Então, abrindo o postigo, num gesto rápido e preciso,
o guarda atirava a caixinha para dentro do compartimento, fechando-o
imediatamente depois. Porém esse curto intervalo era suficiente para deixar
passar o grito aterrorizado dos condenados à morte.
—Nunca — disse Israel — poderei esquecer
aquele terrível grito coletivo de morte. Seu som agudo me perseguiu durante
semanas e semanas. Várias vezes tive intenção de me suicidar.
Uma vez limpa a câmara pelos possantes ventiladores
começava a verdadeira tarefa de Israel, isto é, o transporte dos mortos para os
fornos crematórios. As vezes pegava-os pelas pernas, outras vezes pela cabeça.
Era como vinham. O companheiro ajudando. O guarda SS berrando, fazendo voar o
cassetete: "Depressa! Depressa, porcos!"
Da fronte de Israel, o suor escorria em gotas grossas
e frias enquanto pegava os corpos, balançando-os sempre da mesma maneira: um de
cada lado, o terceiro em cima, no carrinho-maca. Corpos de velhos, corpos
emagrecidos pela fome, corpos de mulheres jovens, de mulheres velhas, de
crianças. Milhares de corpos. A expressão, na maioria dos rostos, era de
serenidade. Alguns tinham as bocas abertas como num último brado de terror.
Israel
já tinha visto muitos rostos. De fato, fazia questão de sempre lançar um olhar
rápido na face pertencente ao corpo que manejava, antes de atirá-lo no
carrinho. Questão de hábito. Um ritual automático, que lhe permitia saber se a
vítima seria, por acaso, de sua cidade natal. Realmente, já queimara muitos
habitantes de Radom, a cidade onde nascera. O alfaiate Wichszniansky, por
exemplo, com as suas sobrancelhas brancas e espessas; a senhora Ljublyanskaya,
esposa do fabricante de tecidos que, por incrível que pareça, escapara com o
seu brilhante "solitário" intacto; os seus dois primos.
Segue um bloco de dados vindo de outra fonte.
lemma sum_linorders_rank_dist:
  "(\<Sum>r\<in>linorders. g r * rank_dist w r)
     = (\<Sum>xs\<in>permutations_of_set UNIV. g (rank_order xs) * path_prob w UNIV xs)"
proof -
  have "(\<Sum>r\<in>linorders. g r * rank_dist w r)
      = (\<Sum>xs\<in>permutations_of_set UNIV. \<Sum>r\<in>linorders.
           of_bool (rank_order xs = r) * (g r * path_prob w UNIV xs))"
    unfolding rank_dist_def sum_distrib_left by (subst sum.swap) (simp add: ac_simps)
  also have "\<dots> = (\<Sum>xs\<in>permutations_of_set UNIV. g (rank_order xs) * path_prob w UNIV xs)"
  proof (intro sum.cong refl)
    fix xs assume "xs \<in> permutations_of_set (UNIV :: 'a set)"
    then have "linorders \<inter> {r. rank_order xs = r} = {rank_order xs}"
      using rank_order_in_linorders by blast
    then show "(\<Sum>r\<in>linorders. of_bool (rank_order xs = r) * (g r * path_prob w UNIV xs))
        = g (rank_order xs) * path_prob w UNIV xs"
      by simp
  qed
  finally show ?thesis .
qed

lemma rank_dist_outside: "r \<notin> linorders \<Longrightarrow> rank_dist w r = 0"
  unfolding rank_dist_def by (auto intro!: sum.neutral dest: rank_order_in_linorders)

lemma sum_rank_dist: "(\<Sum>r\<in>linorders. rank_dist w r) = 1"
  using sum_linorders_rank_dist[of "\<lambda>_. 1" w] by (simp add: sum_path_prob)

locale subset_flow =
  fixes w :: "'a::finite \<Rightarrow> 'a set \<Rightarrow> real"
  assumes nonneg: "y \<in> C \<Longrightarrow> 0 \<le> w y C"
    and conserving: "conserving w"
begin

lemma outflow_nonneg: "0 \<le> outflow w C"
  unfolding outflow_def by (simp add: nonneg sum_nonneg)

lemma step_prob_nonneg: "0 \<le> step_prob w D y"
  unfolding step_prob_def by (simp add: nonneg outflow_nonneg)

lemma path_prob_nonneg: "0 \<le> path_prob w D xs"
  by (induction xs arbitrary: D) (simp_all add: step_prob_nonneg)

lemma rank_dist_nonneg: "0 \<le> rank_dist w r"
  unfolding rank_dist_def by (simp add: sum_nonneg path_prob_nonneg)

lemma is_dist_rank_dist: "is_dist (rank_dist w)"
  unfolding is_dist_def by (simp add: rank_dist_nonneg rank_dist_outside sum_rank_dist)

lemma step_prob_mult_outflow:
  assumes "y \<in> D" shows "step_prob w D y * outflow w D = w y D"
proof (cases "outflow w D = 0")
  case True
  have "w y D \<le> outflow w D"
    unfolding outflow_def using assms by (intro member_le_sum) (simp_all add: nonneg)
  then show ?thesis using True nonneg[OF assms] by simp
qed (simp add: step_prob_def assms)

(* The chain reaches the node UNIV - S with probability outflow w (UNIV - S) / outflow w UNIV. *)
lemma outflow_eq_prefix_mass:
  "S \<noteq> UNIV \<Longrightarrow> outflow w UNIV * (\<Sum>as\<in>permutations_of_set S. path_prob w UNIV as) = outflow w (UNIV - S)"
proof (induction "card S" arbitrary: S)
  case (Suc n)
  then have "S \<noteq> {}" by auto
  have "outflow w UNIV * (\<Sum>as\<in>permutations_of_set S. path_prob w UNIV as)
      = (\<Sum>z\<in>S. step_prob w (insert z (UNIV - S)) z
                * (outflow w UNIV * (\<Sum>ys\<in>permutations_of_set (S - {z}). path_prob w UNIV ys)))"
    by (simp add: sum_path_prob_last_step[OF \<open>S \<noteq> {}\<close>] sum_distrib_left ac_simps)
  also have "\<dots> = (\<Sum>z\<in>S. step_prob w (insert z (UNIV - S)) z * outflow w (insert z (UNIV - S)))"
  proof (intro sum.cong refl)
    fix z assume "z \<in> S"
    then have "card (S - {z}) = n" "S - {z} \<noteq> UNIV" "UNIV - (S - {z}) = insert z (UNIV - S)"
      using Suc.hyps(2) by auto
    then show "step_prob w (insert z (UNIV - S)) z
          * (outflow w UNIV * (\<Sum>ys\<in>permutations_of_set (S - {z}). path_prob w UNIV ys))
        = step_prob w (insert z (UNIV - S)) z * outflow w (insert z (UNIV - S))"
      using Suc.hyps(1)[of "S - {z}"] by simp
  qed
  also have "\<dots> = inflow w (UNIV - S)"
    unfolding inflow_def by (simp add: step_prob_mult_outflow double_diff)
  also have "\<dots> = outflow w (UNIV - S)"
  proof -
    have "UNIV - S \<noteq> {}" "UNIV - S \<noteq> UNIV" using Suc.prems \<open>S \<noteq> {}\<close> by auto
    then show ?thesis using conservingD[OF conserving] by simp
  qed
  finally show ?case .
qed simp

lemma rank_dist_marginal:
  assumes y: "y \<in> C"
  shows "outflow w UNIV * (\<Sum>r\<in>linorders. cut_flow r y C * rank_dist w r) = w y C"
proof -
  let ?prefixes = "permutations_of_set (UNIV - C)" and ?suffixes = "permutations_of_set (C - {y})"
  have path_split: "path_prob w UNIV (as @ y # bs)
      = path_prob w UNIV as * step_prob w C y * path_prob w (C - {y}) bs"
    if "as \<in> ?prefixes" for as bs
  proof -
    have "UNIV - set as = C" using that by (auto simp: permutations_of_set_def)
    then show ?thesis by (simp add: path_prob_append)
  qed
  have "(\<Sum>r\<in>linorders. cut_flow r y C * rank_dist w r)
      = (\<Sum>xs\<in>{xs \<in> permutations_of_set UNIV. lower_cut (rank_order xs) y = C}. path_prob w UNIV xs)"
    unfolding cut_flow_def sum_linorders_rank_dist by (simp add: Int_def)
  also have "\<dots> = (\<Sum>(as, bs)\<in>?prefixes \<times> ?suffixes. path_prob w UNIV (as @ y # bs))"
  proof -
    have "?prefixes \<times> ?suffixes \<subseteq> {(as, bs). y \<notin> set as \<and> y \<notin> set bs}"
      using y by (auto simp: permutations_of_set_def)
    then show ?thesis
      unfolding permutations_with_lower_cut[OF y]
      by (subst sum.reindex[OF inj_on_subset[OF inj_on_append_Cons]]) (simp_all add: case_prod_unfold)
  qed
  also have "\<dots> = (\<Sum>as\<in>?prefixes. path_prob w UNIV as * step_prob w C y
                     * (\<Sum>bs\<in>?suffixes. path_prob w (C - {y}) bs))"
    by (simp add: sum.cartesian_product[symmetric] path_split sum_distrib_left cong: sum.cong)
  also have "\<dots> = (\<Sum>as\<in>?prefixes. path_prob w UNIV as) * step_prob w C y"
    by (simp add: sum_path_prob sum_distrib_right)
  finally have "outflow w UNIV * (\<Sum>r\<in>linorders. cut_flow r y C * rank_dist w r)
      = outflow w (UNIV - (UNIV - C)) * step_prob w C y"
    using outflow_eq_prefix_mass[of "UNIV - C"] y by (auto simp: ac_simps)
  also have "\<dots> = w y C"
    using step_prob_mult_outflow[OF y] by (simp add: double_diff ac_simps)
  finally show ?thesis .
qed

end

section \<open>The conditions of the theorem as flow conditions\<close>

definition fst_flow :: "('a::finite \<Rightarrow> 'a \<Rightarrow> 'a set \<Rightarrow> 'a set \<Rightarrow> real) \<Rightarrow> 'a \<Rightarrow> 'a set \<Rightarrow> real" where
  "fst_flow q x A = (\<Sum>y\<in>UNIV. q x y A UNIV)"

lemma cond_b_iff_conserving: "cond_b q \<longleftrightarrow> (\<forall>A x. x \<in> A \<longrightarrow> conserving (\<lambda>y B. q x y A B))"
  unfolding cond_b_def conserving_def outflow_def inflow_def nesets_def by blast

lemma eq_d_iff: "eq_d q A \<longleftrightarrow> outflow (fst_flow q) A = inflow (fst_flow q) A"
  unfolding eq_d_def outflow_def inflow_def fst_flow_def ..

lemma cond_d_iff_conserving: "cond_d q \<longleftrightarrow> conserving (fst_flow q)"
  unfolding cond_d_def eq_d_iff conserving_def nesets_def by blast

lemma eq_e_iff_outflow: "eq_e q \<longleftrightarrow> outflow (fst_flow q) UNIV = 1"
  unfolding eq_e_def outflow_def fst_flow_def ..

lemma cond_cD: "cond_c q \<Longrightarrow> x \<in> A \<Longrightarrow> y \<in> B \<Longrightarrow> 0 \<le> q x y A B"
  unfolding cond_c_def nesets_def by blast

lemma subset_flow_fst_flow: "cond_c q \<Longrightarrow> cond_d q \<Longrightarrow> subset_flow (fst_flow q)"
  unfolding subset_flow_def cond_d_iff_conserving fst_flow_def
  by (auto intro!: sum_nonneg elim: cond_cD)

lemma subset_flow_section:
  "cond_b q \<Longrightarrow> cond_c q \<Longrightarrow> x \<in> A \<Longrightarrow> subset_flow (\<lambda>y B. q x y A B)"
  unfolding subset_flow_def cond_b_iff_conserving by (auto intro: cond_cD)

definition cut_mass ::
    "(('a \<times> 'a) set \<Rightarrow> real) \<Rightarrow> ('a \<Rightarrow> ('a \<times> 'a) set \<Rightarrow> ('a \<times> 'a) set \<Rightarrow> real)
       \<Rightarrow> 'a \<Rightarrow> 'a \<Rightarrow> 'a set \<Rightarrow> 'a set \<Rightarrow> real" where
  "cut_mass \<nu> t x y A B =
     (\<Sum>r\<in>linorders. \<Sum>r'\<in>linorders. \<nu> r * t x r r' * cut_flow r x A * cut_flow r' y B)"

lemma sum_linorders_of_bool_Nset:
  fixes x :: "'a::finite"
  shows "(\<Sum>r\<in>linorders. of_bool (r \<in> Nset x A) * f r) = (\<Sum>r\<in>Nset x A. f r :: real)"
proof -
  have "linorders \<inter> {r. r \<in> Nset x A} = Nset x A" unfolding Nset_def by blast
  then show ?thesis by (simp add: sum_of_bool_mult_eq)
qed

lemma sum_supersets_cut_mass:
  fixes \<nu> :: "('a::finite \<times> 'a) set \<Rightarrow> real"
  assumes x: "x \<in> A" and y: "y \<in> B"
  shows "(\<Sum>A'\<in>{A'. A \<subseteq> A'}. \<Sum>B'\<in>{B'. B \<subseteq> B'}. cut_mass \<nu> t x y A' B')
       = (\<Sum>r\<in>Nset x A. \<Sum>r'\<in>Nset y B. \<nu> r * t x r r')"
proof -
  have "(\<Sum>A'\<in>{A'. A \<subseteq> A'}. \<Sum>B'\<in>{B'. B \<subseteq> B'}. cut_mass \<nu> t x y A' B')
      = (\<Sum>r\<in>linorders. \<Sum>r'\<in>linorders. \<nu> r * t x r r'
           * (\<Sum>A'\<in>{A'. A \<subseteq> A'}. cut_flow r x A') * (\<Sum>B'\<in>{B'. B \<subseteq> B'}. cut_flow r' y B'))"
    unfolding cut_mass_def sum_distrib_left sum_distrib_right
    by (subst (1 2) sum.swap, subst (2 3) sum.swap,
        subst sum.swap[where A = "{B'. B \<subseteq> B'}" and B = "{A'. A \<subseteq> A'}"]) (rule refl)
  also have "\<dots> = (\<Sum>r\<in>linorders. \<Sum>r'\<in>linorders.
                     of_bool (r \<in> Nset x A) * (of_bool (r' \<in> Nset y B) * (\<nu> r * t x r r')))"
    by (intro sum.cong refl) (simp add: sum_supersets_cut_flow x y)
  also have "\<dots> = (\<Sum>r\<in>Nset x A. \<Sum>r'\<in>Nset y B. \<nu> r * t x r r')"
    by (simp only: sum_distrib_left[symmetric] sum_linorders_of_bool_Nset)
  finally show ?thesis .
qed

lemma fst_flow_cut_mass:
  fixes \<nu> :: "('a::finite \<times> 'a) set \<Rightarrow> real"
  assumes t: "\<forall>x. \<forall>r\<in>linorders. is_dist (t x r)"
  shows "fst_flow (cut_mass \<nu> t) = (\<lambda>x A. \<Sum>r\<in>linorders. \<nu> r * cut_flow r x A)"
proof (intro ext)
  fix x A
  have "fst_flow (cut_mass \<nu> t) x A = outflow (\<lambda>y B. cut_mass \<nu> t x y A B) UNIV"
    unfolding fst_flow_def outflow_def ..
  also have "\<dots> = (\<Sum>r\<in>linorders. \<Sum>r'\<in>linorders.
                     \<nu> r * t x r r' * cut_flow r x A * outflow (cut_flow r') UNIV)"
    unfolding cut_mass_def by (simp add: outflow_sum outflow_scale)
  also have "\<dots> = (\<Sum>r\<in>linorders. \<nu> r * cut_flow r x A * (\<Sum>r'\<in>linorders. t x r r'))"
    by (simp add: outflow_cut_flow_UNIV sum_distrib_left ac_simps)
  also have "\<dots> = (\<Sum>r\<in>linorders. \<nu> r * cut_flow r x A)"
    using t by (simp add: is_dist_def)
  finally show "fst_flow (cut_mass \<nu> t) x A = (\<Sum>r\<in>linorders. \<nu> r * cut_flow r x A)" .
qed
Ele ainda podia lembrar-se das perguntas ansiosas no
dia em que haviam chegado a Auschwitz: "Será
verdade que vamos ser queimados? Será verdade mesmo que nos trouxeram para cá
para sermos exterminados?"
Israel nunca lhes dissera a verdade. Em primeiro
lugar: era estritamente proibido relatar o que estava acontecendo em Auschwitz;
em segundo: para quê? Pensando bem, era talvez melhor que as vítimas
permanecessem na ignorância de seu triste destino. Assim, procurando
acalmá-los, ele costumava dizer: "Olhem para mim. Vocês sabem há quanto
tempo estou aqui e podem ver que estou bem vivo. Vocês também têm probabilidade
de sobreviver... " E nos olhos deles se acendia a chama de uma nova
esperança.
—Estranho — disse Israel — com que felicidade revive a
esperança, mesmo naqueles que esperam a morte certa. Não há pessoa mais crédula
do que um homem condenado. Um dia, — murmurou ele — acabava de pegar pelos pés
uma velha mulher, olhando como de costume para o seu rosto, ao atirá-la na
carreta. E o meu coração quase parou. Era minha mãe.
Agarrou os pés de sua mãe como se estivesse fazendo um
esforço inútil para segurá-la. No mesmo instante sentiu o golpe feroz do
cassetete do guarda SS, quase desfalecendo de dor: "Depressa, cachorro!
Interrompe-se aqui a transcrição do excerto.